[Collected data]
Segment Open

(* Let $g\ge1$ and $n\ge 3$. In $B_n(\Sigma_g)/\Gamma_3(B_n(\Sigma_g))$ all the classes of $\sigma_1,\dots,\sigma_{n-1}$ coincide; call this class $\sigma$, and denote the classes of $a_i,b_i$ again by $a_i,b_i$. Then $B_n(\Sigma_g)/\Gamma_3(B_n(\Sigma_g))$ is isomorphic to a semidirect product $(\mathbb{Z}\times\mathbb{Z}^g)\rtimes\mathbb{Z}^g$, where the first factor $\mathbb{Z}$ is central and generated by $\sigma$, the factor $\mathbb{Z}^g$ is (freely abelian) generated by $a_1,\dots,a_g$, and the acting factor $\mathbb{Z}^g$ is generated by $b_1,\dots,b_g$, the action being given by $b_j a_l b_j^{-1}=a_l$ for $l\neq j$ and $b_j a_j b_j^{-1}=\sigma^{-2}a_j$ (and $b_j\sigma b_j^{-1}=\sigma$). In particular it is a central extension of $\mathbb{Z}^{2g}$ by $\mathbb{Z}$, and every element can be written uniquely as $\sigma^p\prod_{i=1}^g a_i^{m_i}\prod_{i=1}^g b_i^{n_i}$ with $p,m_i,n_i\in\mathbb{Z}$.
   Context: $\Sigma_g$ is a compact connected orientable surface of genus $g\ge1$ with one boundary component; $B_n(\Sigma_g)=\pi_1(F_n(\Sigma_g)/S_n)$ where $F_n(\Sigma_g)$ is the space of ordered $n$-tuples of distinct points. $\Gamma_1(G)=G$, $\Gamma_i(G)=[G,\Gamma_{i-1}(G)]$. $B_n(\Sigma_g)$ has the presentation with generators $\sigma_1,\dots,\sigma_{n-1},a_1,b_1,\dots,a_g,b_g$ and relations: $\sigma_i\sigma_j=\sigma_j\sigma_i$ for $|i-j|\ge2$; $\sigma_i\sigma_{i+1}\sigma_i=\sigma_{i+1}\sigma_i\sigma_{i+1}$ for $1\le i\le n-2$; $c\,\sigma_j=\sigma_j c$ for $c\in\{a_i,b_i\}$, $j\ge2$; $c\sigma_1c\sigma_1=\sigma_1c\sigma_1c$ for $c\in\{a_i,b_i\}$; $a_i\sigma_1b_i=\sigma_1b_i\sigma_1a_i\sigma_1$; $c_i(\sigma_1^{-1}c_j\sigma_1)=(\sigma_1^{-1}c_j\sigma_1)c_i$ for $c_i\in\{a_i,b_i\}$, $c_j\in\{a_j,b_j\}$, $1\le j<i\le g$. *)

theory Defs
  imports "HOL-Algebra.Algebra"
begin

text \<open>Words over an alphabet: letters are pairs (x, e), e = False for x, e = True for x inverse.\<close>

type_synonym 'g word = "('g \<times> bool) list"

text \<open>The congruence on words generated by free cancellation and the relations R
  (pairs (u, v) meaning u = v).\<close>

inductive peq :: "('g word \<times> 'g word) set \<Rightarrow> 'g word \<Rightarrow> 'g word \<Rightarrow> bool"
  for R where
  peq_refl: "peq R w w"
| peq_sym: "peq R u w \<Longrightarrow> peq R w u"
| peq_trans: "peq R u v \<Longrightarrow> peq R v w \<Longrightarrow> peq R u w"
| peq_cancel: "peq R [(x, e), (x, \<not> e)] []"
| peq_rel: "(u, w) \<in> R \<Longrightarrow> peq R u w"
| peq_cong: "peq R u u' \<Longrightarrow> peq R w w' \<Longrightarrow> peq R (u @ w) (u' @ w')"

definition word_class :: "('g word \<times> 'g word) set \<Rightarrow> 'g word \<Rightarrow> 'g word set" where
  "word_class R w = {v. peq R w v}"

definition presented_group :: "'g set \<Rightarrow> ('g word \<times> 'g word) set \<Rightarrow> 'g word set monoid" where
  "presented_group S R =
     \<lparr> carrier = {word_class R w | w. fst ` set w \<subseteq> S},
       monoid.mult = (\<lambda>P Q. word_class R ((SOME u. u \<in> P) @ (SOME v. v \<in> Q))),
       one = word_class R [] \<rparr>"

definition pgen :: "('g word \<times> 'g word) set \<Rightarrow> 'g \<Rightarrow> 'g word set" where
  "pgen R x = word_class R [(x, False)]"

text \<open>lcs G k is Gamma_(k+1)(G): Gamma_1 = G, Gamma_(i+1) = [G, Gamma_i].\<close>

fun lcs :: "('a, 'b) monoid_scheme \<Rightarrow> nat \<Rightarrow> 'a set" where
  "lcs G 0 = carrier G"
| "lcs G (Suc k) = generate G
     {x \<otimes>\<^bsub>G\<^esub> y \<otimes>\<^bsub>G\<^esub> inv\<^bsub>G\<^esub> x \<otimes>\<^bsub>G\<^esub> inv\<^bsub>G\<^esub> y | x y. x \<in> carrier G \<and> y \<in> lcs G k}"

definition Gamma :: "('a, 'b) monoid_scheme \<Rightarrow> nat \<Rightarrow> 'a set" where
  "Gamma G i = lcs G (i - 1)"

section \<open>Surface braid group B_n(Sigma_g), Sigma_g with one boundary component\<close>

datatype bgen = Sig nat | A nat | B nat

definition bgens :: "nat \<Rightarrow> nat \<Rightarrow> bgen set" where
  "bgens n g = {Sig i | i. 1 \<le> i \<and> i \<le> n - 1} \<union> {A i | i. 1 \<le> i \<and> i \<le> g} \<union> {B i | i. 1 \<le> i \<and> i \<le> g}"

abbreviation lt :: "bgen \<Rightarrow> bgen word" where "lt x \<equiv> [(x, False)]"
abbreviation lti :: "bgen \<Rightarrow> bgen word" where "lti x \<equiv> [(x, True)]"

definition braid_rels :: "nat \<Rightarrow> nat \<Rightarrow> (bgen word \<times> bgen word) set" where
  "braid_rels n g =
     {(lt (Sig i) @ lt (Sig j), lt (Sig j) @ lt (Sig i)) | i j.
        1 \<le> i \<and> i \<le> n - 1 \<and> 1 \<le> j \<and> j \<le> n - 1 \<and> (i \<ge> j + 2 \<or> j \<ge> i + 2)}
   \<union> {(lt (Sig i) @ lt (Sig (i+1)) @ lt (Sig i), lt (Sig (i+1)) @ lt (Sig i) @ lt (Sig (i+1))) | i.
        1 \<le> i \<and> i \<le> n - 2}
   \<union> {(lt c @ lt (Sig j), lt (Sig j) @ lt c) | c i j.
        1 \<le> i \<and> i \<le> g \<and> c \<in> {A i, B i} \<and> 2 \<le> j \<and> j \<le> n - 1}
   \<union> {(lt c @ lt (Sig 1) @ lt c @ lt (Sig 1), lt (Sig 1) @ lt c @ lt (Sig 1) @ lt c) | c i.
        1 \<le> i \<and> i \<le> g \<and> c \<in> {A i, B i}}
   \<union> {(lt (A i) @ lt (Sig 1) @ lt (B i),
        lt (Sig 1) @ lt (B i) @ lt (Sig 1) @ lt (A i) @ lt (Sig 1)) | i. 1 \<le> i \<and> i \<le> g}
   \<union> {(lt ci @ lti (Sig 1) @ lt cj @ lt (Sig 1), lti (Sig 1) @ lt cj @ lt (Sig 1) @ lt ci) | ci cj i j.
        1 \<le> j \<and> j < i \<and> i \<le> g \<and> ci \<in> {A i, B i} \<and> cj \<in> {A j, B j}}"

definition braid_group :: "nat \<Rightarrow> nat \<Rightarrow> bgen word set monoid" where
  "braid_group n g = presented_group (bgens n g) (braid_rels n g)"

definition bclass :: "nat \<Rightarrow> nat \<Rightarrow> bgen \<Rightarrow> bgen word set" where
  "bclass n g x = pgen (braid_rels n g) x"

text \<open>The triple (p, m, k) (m, k supported on {1..g}) stands for the normal form
  sigma^p * prod_i a_i^(m i) * prod_i b_i^(k i).  Using b_j a_j b_j^-1 = sigma^-2 a_j,
  b_j a_l b_j^-1 = a_l (l ~= j), sigma central, the product is
  (p,m,k)(p',m',k') = (p + p' - 2 * sum_i k i * m' i, m + m', k + k').\<close>

definition sd_group :: "nat \<Rightarrow> (int \<times> (nat \<Rightarrow> int) \<times> (nat \<Rightarrow> int)) monoid" where
  "sd_group g =
     \<lparr> carrier = {(p, m, k). \<forall>i. i \<notin> {1..g} \<longrightarrow> m i = 0 \<and> k i = 0},
       monoid.mult = (\<lambda>(p, m, k) (p', m', k').
                 (p + p' - 2 * (\<Sum>i\<in>{1..g}. k i * m' i), (\<lambda>i. m i + m' i), (\<lambda>i. k i + k' i))),
       one = (0, (\<lambda>_. 0), (\<lambda>_. 0)) \<rparr>"

definition sd_sigma :: "int \<times> (nat \<Rightarrow> int) \<times> (nat \<Rightarrow> int)" where
  "sd_sigma = (1, (\<lambda>_. 0), (\<lambda>_. 0))"

definition sd_a :: "nat \<Rightarrow> int \<times> (nat \<Rightarrow> int) \<times> (nat \<Rightarrow> int)" where
  "sd_a l = (0, (\<lambda>i. if i = l then 1 else 0), (\<lambda>_. 0))"

definition sd_b :: "nat \<Rightarrow> int \<times> (nat \<Rightarrow> int) \<times> (nat \<Rightarrow> int)" where
  "sd_b l = (0, (\<lambda>_. 0), (\<lambda>i. if i = l then 1 else 0))"

end

theory Submission
  imports Defs
begin

(*
  Proof strategy.  Write B for the surface braid group B_n(Sigma_g) and H for the model
  group (Z x Z^g) x| Z^g, whose elements (p, m, k) stand for
  sigma^p a^m b^k.

  Sending every sigma_i to sigma, a_l to a_l and b_l to b_l respects the
     defining relations of B, so it induces a surjective homomorphism h : B -> H.
  2. Gamma_3(B) <= ker h.  H is nilpotent of class 2 (commutators are central), and any
     homomorphism into such a group kills Gamma_3.
  3. ker h <= Gamma_3(B).  In Q = B/Gamma_3 commutators are central; this turns the
     defining relations into: all sigma_i coincide (braid relation), sigma is central,
     generators of different handles commute, and a_l b_l = sigma^2 b_l a_l.  Hence the
     normal-form map nf(p, m, k) = sigma^p prod a_i^(m_i) prod b_i^(k_i) into Q satisfies
     nf(u) * x = nf(u * h(x)) for every generator x, so the class of any word w in Q is
     nf(h(w)); if h(w) = 1 then w lies in Gamma_3.
  4. The first isomorphism theorem gives B/Gamma_3 = B/ker h ~ H, and the isomorphism
     sends the classes of the generators to their values under h.
*)

section \<open>Groups presented by generators and relations\<close>

lemma word_class_eq_iff: "word_class R u = word_class R v \<longleftrightarrow> peq R u v"
proof
  assume "word_class R u = word_class R v"
  then have "v \<in> word_class R u" by (simp add: word_class_def peq_refl)
  then show "peq R u v" by (simp add: word_class_def)
next
  assume "peq R u v"
  then show "word_class R u = word_class R v"
    unfolding word_class_def using peq_trans peq_sym by blast
qed

lemma word_class_some: "(SOME v. v \<in> word_class R w) \<in> word_class R w"
  by (rule someI[of _ w]) (simp add: word_class_def peq_refl)

lemma presented_mult:
  "word_class R u \<otimes>\<^bsub>presented_group S R\<^esub> word_class R v = word_class R (u @ v)"
proof -
  have "peq R (u @ v) ((SOME x. x \<in> word_class R u) @ (SOME x. x \<in> word_class R v))"
    using word_class_some[of R u] word_class_some[of R v] by (simp add: word_class_def peq_cong)
  then show ?thesis
    by (simp add: presented_group_def word_class_eq_iff peq_sym)
qed

lemma presented_one: "\<one>\<^bsub>presented_group S R\<^esub> = word_class R []"
  by (simp add: presented_group_def)

lemma presented_carrierI: "fst ` set w \<subseteq> S \<Longrightarrow> word_class R w \<in> carrier (presented_group S R)"
  by (auto simp: presented_group_def)

lemma presented_carrierE:
  assumes "P \<in> carrier (presented_group S R)"
  obtains w where "P = word_class R w" "fst ` set w \<subseteq> S"
  using assms by (auto simp: presented_group_def)

definition inv_word :: "'g word \<Rightarrow> 'g word" where
  "inv_word w = rev (map (\<lambda>(x, e). (x, \<not> e)) w)"

lemma inv_word_simps [simp]:
  "inv_word [] = []"
  "inv_word ((x, e) # w) = inv_word w @ [(x, \<not> e)]"
  by (simp_all add: inv_word_def)

lemma inv_word_letters [simp]: "fst ` set (inv_word w) = fst ` set w"
proof -
  have "fst ` set (inv_word w) = fst ` (\<lambda>(x, e). (x, \<not> e)) ` set w"
    by (simp add: inv_word_def)
  also have "\<dots> = fst ` set w" by (force simp: image_iff)
  finally show ?thesis .
qed

lemma peq_inv_word_right: "peq R (w @ inv_word w) []"
proof (induction w)
  case Nil
  then show ?case by (simp add: peq_refl)
next
  case (Cons xe w)
  obtain x e where xe: "xe = (x, e)" by force
  have "peq R ([(x, e)] @ ((w @ inv_word w) @ [(x, \<not> e)])) ([(x, e)] @ ([] @ [(x, \<not> e)]))"
    by (intro peq_cong peq_refl Cons)
  then show ?case
    using peq_cancel peq_trans by (fastforce simp: xe)
qed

Segment Closed

◆ TASK BRIEF
How many of the lines above contain the string "case"? Give the count alone.

◆ RESULT OF THE EXERCISE
4